*** Block opens ***

(*
  The complement of an odd cycle C_(2m-1) needs m colours, because each colour class is
  a vertex or an edge of the cycle. Joining the complements of C_5 (part P) and of C_(2k-7)
  (part Q) completely therefore forces k colours, and in every k-colouring P and Q use
  disjoint palettes exhausting {1..k}. A hub vertex complete to Q must then take a P-colour
  and every vertex of a set W complete to P a Q-colour, so edges between the hub and W are
  never monochromatic: adding the first j of them yields graphs with the same k-colourings,
  hence identical recolouring graphs, but with different numbers of edges. No vertex is
  frozen: the complement of an odd cycle has an optimal colouring in which any prescribed
  vertex has a colour of its own, and prescribing a cycle-neighbour of v (a non-neighbour
  in the complement) leaves that colour free for v.
*)
theory Submission
  imports Defs
begin

lemma finite_edges: "simple_graph G \<Longrightarrow> finite (snd G)"
  unfolding simple_graph_def by (auto intro: finite_subset)

lemma colouringsI:
  assumes "\<And>v. v \<in> fst G \<Longrightarrow> c v \<in> {1..k}" "\<And>v. v \<notin> fst G \<Longrightarrow> c v = 0"
    and "\<And>u v. adj G u v \<Longrightarrow> c u \<noteq> c v"
  shows "c \<in> colourings k G"
  using assms unfolding colourings_def by blast

lemma not_frozenI:
  assumes "c \<in> colourings (chromatic_number G) G" "a \<in> {1..chromatic_number G}"
    and "\<And>u. c u = a \<Longrightarrow> u \<noteq> v \<and> \<not> adj G v u"
  shows "\<not> frozen G v"
proof
  assume "frozen G v"
  with assms(1,2) have "a \<in> c ` ({v} \<union> {u. adj G v u})"
    unfolding frozen_def by blast
  with assms(3) show False by blast
qed

lemma card_edges_eq_if_graph_iso:
  assumes "graph_iso G H" "simple_graph G" "simple_graph H"
  shows "card (snd G) = card (snd H)"
proof -
  obtain f where f: "bij_betw f (fst G) (fst H)"
    and adj: "\<And>x y. x \<in> fst G \<Longrightarrow> y \<in> fst G \<Longrightarrow> adj G x y \<longleftrightarrow> adj H (f x) (f y)"
    using assms(1) unfolding graph_iso_def iso_def by blast
  have G: "snd G \<subseteq> fst G \<times> fst G" and H: "snd H \<subseteq> fst H \<times> fst H"
    using assms(2,3) unfolding simple_graph_def by auto
  have bij: "bij_betw (map_prod f f) (fst G \<times> fst G) (fst H \<times> fst H)"
    by (rule bij_betw_map_prod[OF f f])
  have "map_prod f f ` snd G = snd H"
  proof (intro equalityI subsetI)
    fix e assume "e \<in> map_prod f f ` snd G"
    with G adj show "e \<in> snd H" by (force simp: adj_def)
  next
    fix e assume e: "e \<in> snd H"
    with H have "e \<in> f ` fst G \<times> f ` fst G"
      unfolding bij_betw_imp_surj_on[OF f] by blast
    then obtain x y where "x \<in> fst G" "y \<in> fst G" "e = (f x, f y)"
      by blast
    with e adj show "e \<in> map_prod f f ` snd G" by (force simp: adj_def)
  qed
  with bij_betw_subset[OF bij G] show ?thesis
    by (simp add: bij_betw_same_card)
qed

*** Block closes ***

## Task requirements
Beginning at the first line of the data above, retype each line until you reach the line containing "disjoint palettes exhausting", and include that one too. Add nothing else.

## Problem solution
(*
  The complement of an odd cycle C_(2m-1) needs m colours, because each colour class is
  a vertex or an edge of the cycle. Joining the complements of C_5 (part P) and of C_(2k-7)
  (part Q) completely therefore forces k colours, and in every k-colouring P and Q use
  disjoint palettes exhausting {1..k}. A hub vertex complete to Q must then take a P-colour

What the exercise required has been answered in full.